CockroachDB serverless internals

April 1, 2022

Recently, I was on a livestream with Aydrian, where we talked about all things related to serverless databases.

Later, for a demo, migrated a Next.js app using Prisma and Heroku’s PostgreSQL onto CockroachDB serverless. This was just to play around with the new Prisma and CockroachDB integration.

Later, as I talked to other folks from the Cockroach community like their VP of Engineering, Jordan, and Dominik, I gained some more unique insights into the platform that I wanted to share with y’all.

The foundation

CockroachDB doesn’t store rows in the same was Postgres does. Internally:

  • Every table is mapped into a sorted keyspace
  • Rows become key-value entries
  • Indexes are separate keyspaces
  • Everything lives in a replicated KV store backed by Pebble, which is a RocksDB style LSM

So SQL in CockroachDB is like a logical layer on top of a distributed key–value store, not the system that actually stores data.

Sharding (Ranges)

Traditionally, solutions like Vitess have used a process of sharding (storing data across multiple machines) to horizontally scale SQL.

CockroachDB takes a unique approach here:

  • Data is split into ranges
  • Each range auto-splits, auto-moves, and is independently replicated via Raft.
  • No shard keys
  • No concept of a database-level primary

So basically, Vitess scales by moving queries to shards and CockroachDB scales by moving data continuously.

Replication

Each range is backed by a Raft group with 1 leader, multiple followers (usually 3 replicas), and the writes go leader → followers → commit.
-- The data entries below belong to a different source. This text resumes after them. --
lemma artificial_state_deviation:
  assumes k: "k \<le> T + 1" and M: "M \<in> carrier_mat r (p*l - n)" and i: "i < r"
  shows "(M *\<^sub>v (xam k - xa_clean k)) $ i = (\<Sum>j<k. (M * Aa ^\<^sub>m (k - j - 1) * Ba *\<^sub>v du j) $ i)"
  using k M i
proof (induction k arbitrary: M)
  case 0
  then show ?case using dims by (simp add: scalar_prod_def)
next
  case (Suc k)
  have xam: "xam k \<in> carrier_vec (p*l - n)" and um: "um k \<in> carrier_vec m"
    and du: "du k \<in> carrier_vec m"
    using Suc.prems dims dims2 by auto
  have e: "xam k - xa_clean k \<in> carrier_vec (p*l - n)"
    using xam xa_clean_carrier by simp
  have "Aa *\<^sub>v (xam k - xa_clean k) = Aa *\<^sub>v xam k - Aa *\<^sub>v xa_clean k"
    by (rule mult_minus_distrib_mat_vec[OF Aa xam xa_clean_carrier])
  moreover have "Ba *\<^sub>v (um k - du k) = Ba *\<^sub>v um k - Ba *\<^sub>v du k"
    by (rule mult_minus_distrib_mat_vec[OF Ba um du])
  ultimately have "xam (Suc k) - xa_clean (Suc k) = Aa *\<^sub>v (xam k - xa_clean k) + Ba *\<^sub>v du k"
    using art Suc.prems Aa Ba by (intro eq_vecI) auto
  then have "M *\<^sub>v (xam (Suc k) - xa_clean (Suc k)) =
      (M * Aa) *\<^sub>v (xam k - xa_clean k) + (M * Ba) *\<^sub>v du k"
    using Suc.prems Aa Ba e du by (simp add: mult_add_distrib_mat_vec[of M r "p*l - n"])
  then have "(M *\<^sub>v (xam (Suc k) - xa_clean (Suc k))) $ i =
      ((M * Aa) *\<^sub>v (xam k - xa_clean k)) $ i + ((M * Ba) *\<^sub>v du k) $ i"
    using Suc.prems Ba by simp
  also have "((M * Aa) *\<^sub>v (xam k - xa_clean k)) $ i =
      (\<Sum>j<k. (M * Aa * Aa ^\<^sub>m (k - j - 1) * Ba *\<^sub>v du j) $ i)"
    using Suc.IH[of "M * Aa"] Suc.prems Aa by simp
  also have "\<dots> = (\<Sum>j<k. (M * Aa ^\<^sub>m (Suc k - j - 1) * Ba *\<^sub>v du j) $ i)"
  proof (intro sum.cong refl)
    fix j assume "j \<in> {..<k}"
    then have "Suc k - j - 1 = Suc (k - j - 1)" by simp
    then have "Aa ^\<^sub>m (Suc k - j - 1) = Aa * Aa ^\<^sub>m (k - j - 1)"
      using mult_pow_mat_commute[OF Aa, of "k - j - 1"] by simp
    moreover have "M * Aa * Aa ^\<^sub>m (k - j - 1) = M * (Aa * Aa ^\<^sub>m (k - j - 1))"
      using Suc.prems Aa pow_carrier_mat[OF Aa] by (intro assoc_mult_mat) auto
    ultimately show "(M * Aa * Aa ^\<^sub>m (k - j - 1) * Ba *\<^sub>v du j) $ i =
        (M * Aa ^\<^sub>m (Suc k - j - 1) * Ba *\<^sub>v du j) $ i" by simp
  qed
  also have "((M * Ba) *\<^sub>v du k) $ i = (M * Aa ^\<^sub>m (Suc k - k - 1) * Ba *\<^sub>v du k) $ i"
    using Suc.prems Aa by simp
  finally show ?case by simp
qed

lemma ym_decomposition:
  assumes k: "k \<le> T"
  shows "ym k = y_clean k + dy_aug k"
proof -
  have "(Ca *\<^sub>v xam k) $ i = (Ca *\<^sub>v xa_clean k) $ i + dya Aa Ba Ca du k $ i" if i: "i < p" for i
  proof -
    have "(Ca *\<^sub>v (xam k - xa_clean k)) $ i = (Ca *\<^sub>v xam k) $ i - (Ca *\<^sub>v xa_clean k) $ i"
      using i k dims Ca xa_clean_carrier by (simp add: scalar_prod_minus_distrib[of _ "p*l - n"])
    then show ?thesis
      using artificial_state_deviation[of k Ca p i] i k Ca by (simp add: dya_def)
  qed
  then show ?thesis
    using k outp dims dims2 Cs Ca xa_clean_carrier
    by (intro eq_vecI) (auto simp: y_clean_def z_clean_def dy_aug_def aug_output dya_def)
qed

lemma z_clean_carrier:
  assumes "k \<le> T + 1"
  shows "z_clean k \<in> carrier_vec (p*l)"
proof -
  have "xd k @\<^sub>v xa_clean k \<in> carrier_vec (n + (p*l - n))"
    using assms dims xa_clean_carrier by (intro append_carrier_vec) auto
  then show ?thesis
    by (simp add: z_clean_def aug_dim)
qed

lemma clean_trajectory:
  assumes "j + l \<le> T"
  shows "aug.trajectory_on z_clean u_clean j"
  unfolding aug.trajectory_on_def
proof (intro conjI allI impI)
  show "z_clean j \<in> carrier_vec (p*l)"
    using assms z_clean_carrier by simp
  fix k assume "j \<le> k" "k < j + l"
  then have k: "k \<le> T" using assms by simp
  show "u_clean k \<in> carrier_vec m"
    using k dims2 by (simp add: u_clean_def)
  show "z_clean (Suc k) = aug_state_mat As Aa *\<^sub>v z_clean k + (Bs @\<^sub>r Ba) *\<^sub>v u_clean k"
    using aug_step[OF As Aa Bs Ba, of "xd k" "xa_clean k" "u_clean k"] k dims dims2 plant xa_clean_carrier
    by (simp add: z_clean_def u_clean_def)
qed

lemma stack_decomposition:
  assumes j: "j + l \<le> T"
  shows "stack_yu p m l ym um j = stack_yu p m l y_clean u_clean j + stack_yu p m l dy_aug du j"
proof (rule eq_vecI)
  fix i assume "i < dim_vec (stack_yu p m l y_clean u_clean j + stack_yu p m l dy_aug du j)"
  then have i: "i < p*l + m*l" by (simp add: stack_yu_def)
  show "stack_yu p m l ym um j $ i = (stack_yu p m l y_clean u_clean j + stack_yu p m l dy_aug du j) $ i"
  proof (cases "i < p*l")
    case True
    then have "i div p < l"
      by (intro less_mult_imp_div_less) (simp add: mult.commute)
    then have "j + i div p \<le> T" "i mod p < p"
      using j p_pos by simp_all
    moreover have "dim_vec (y_clean (j + i div p)) = p" "dim_vec (dy_aug (j + i div p)) = p"
      using y_clean_carrier dy_aug_carrier \<open>j + i div p \<le> T\<close> by auto
    ultimately show ?thesis
      using True i ym_decomposition[of "j + i div p"] by (simp add: stack_yu_def)
  next
    case False
    then have "i - p*l < l*m"
      using i mult.commute[of l m] by linarith
    then have "(i - p*l) div m < l"
      by (rule less_mult_imp_div_less)
    define k r where "k = j + (i - p*l) div m" and "r = (i - p*l) mod m"
    have "r < m"
      using \<open>i - p*l < l*m\<close> by (cases m) (auto simp: r_def)
    moreover have "k \<le> T"
      using j \<open>(i - p*l) div m < l\<close> by (simp add: k_def)
    ultimately have "um k $ r = (um k - du k) $ r + du k $ r"
      using dims2 by auto
    moreover have "stack_yu p m l ym um j $ i = um k $ r"
      and "stack_yu p m l y_clean u_clean j $ i = (um k - du k) $ r"
      and "stack_yu p m l dy_aug du j $ i = du k $ r"
      using False i by (simp_all add: stack_yu_def u_clean_def k_def r_def)
    moreover have "dim_vec (stack_yu p m l dy_aug du j) = p*l + m*l"
      by (simp add: stack_yu_def)
    ultimately show ?thesis
      using i by simp
  qed
qed (simp add: stack_yu_def)

definition Ps0 :: "real mat" where "Ps0 = Psi0 p m l T ym um"
definition Ps1 :: "real mat" where "Ps1 = Psi1 p m l T ym um"
definition D :: "real mat" where "D = Delta10 p m l T dy_aug du"

definition Aaug :: "real mat" where
  "Aaug = Ps0 * Ps0\<^sup>T - Th22 p (p*l + m*l) Th"
definition Baug :: "real mat" where
  "Baug = - ((L_mat p m l)\<^sup>T * Ps1 * Ps0\<^sup>T) + Th12 p (p*l + m*l) Th"
definition Caug :: "real mat" where
  "Caug = (L_mat p m l)\<^sup>T * Ps1 * Ps1\<^sup>T * L_mat p m l - Th11 p Th"

lemma Th_carrier: "Th \<in> carrier_mat (p + (p*l + m*l)) (p + (p*l + m*l))" and Th_sym: "Th\<^sup>T = Th"
  using Th by (auto simp: psd_mat_def add.assoc)

lemma noise_bound: "psd_mat (Th - D * D\<^sup>T) (p + (p*l + m*l))"
  using noise by (simp add: Let_def D_def dy_aug_def[abs_def] add.assoc)

lemma excitation: "pd_mat Aaug (p*l + m*l)"
  using exc by (simp add: Let_def Aaug_def Ps0_def)

lemma Ps0_carrier: "Ps0 \<in> carrier_mat (p*l + m*l) (T + 1 - l)"
  and Ps1_carrier: "Ps1 \<in> carrier_mat (p*l + m*l) (T + 1 - l)"
  and D_carrier: "D \<in> carrier_mat (p + (p*l + m*l)) (T + 1 - l)"
  by (simp_all add: Ps0_def Ps1_def D_def Psi0_def Psi1_def Delta10_def add.assoc)

lemma col_Ps0: "j < T + 1 - l \<Longrightarrow> col Ps0 j = stack_yu p m l ym um j"
  by (intro eq_vecI) (auto simp: Ps0_def Psi0_def stack_yu_def)

lemma col_Ps1: "j < T + 1 - l \<Longrightarrow> col Ps1 j = stack_yu p m l ym um (j + 1)"
  by (intro eq_vecI) (auto simp: Ps1_def Psi1_def stack_yu_def)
Different ranges have different leaders, and leadership is spread across the cluster. This design is a double edged sword. It’s the reason why Cockroach can survive node and zone failures but it’s also why writes are more expensive than single-node Postgres.

MVCC

CockroachDB uses MVCC with timestamps, where each key can have multiple versions, reads operate on a consistent snapshot at a specific timestamp, and writes first create provisional versions that are finalized on commit.

Writes inside a transaction produce intents:

  • provisional MVCC versions tied to the transaction
  • act like distributed write locks without a central lock manager
  • are stored directly in the KV layer
  • are resolved asynchronously on commit

The transactions are globally serializable by default and coordinated through transaction records. A pretty expensive process overall.

What’s different

CockroachDB and their serverless offering are essentially the same distributed system, just wrapped in multi-tenant control planes. That’s where all the magic happens.

Serverless splits responsibilities:

LayerBehavior
KV + RaftLong-lived, shared, stable
SQL computeElastic, on-demand, multi-tenant

SQL gateways spin up/down with load, execute query plans, and route reads/writes to KV ranges

KV nodes on the other hand keep data alive and maintain Raft state.

The end result is a system where durability and consistency live in a stable core, while query execution scales elastically as per demand.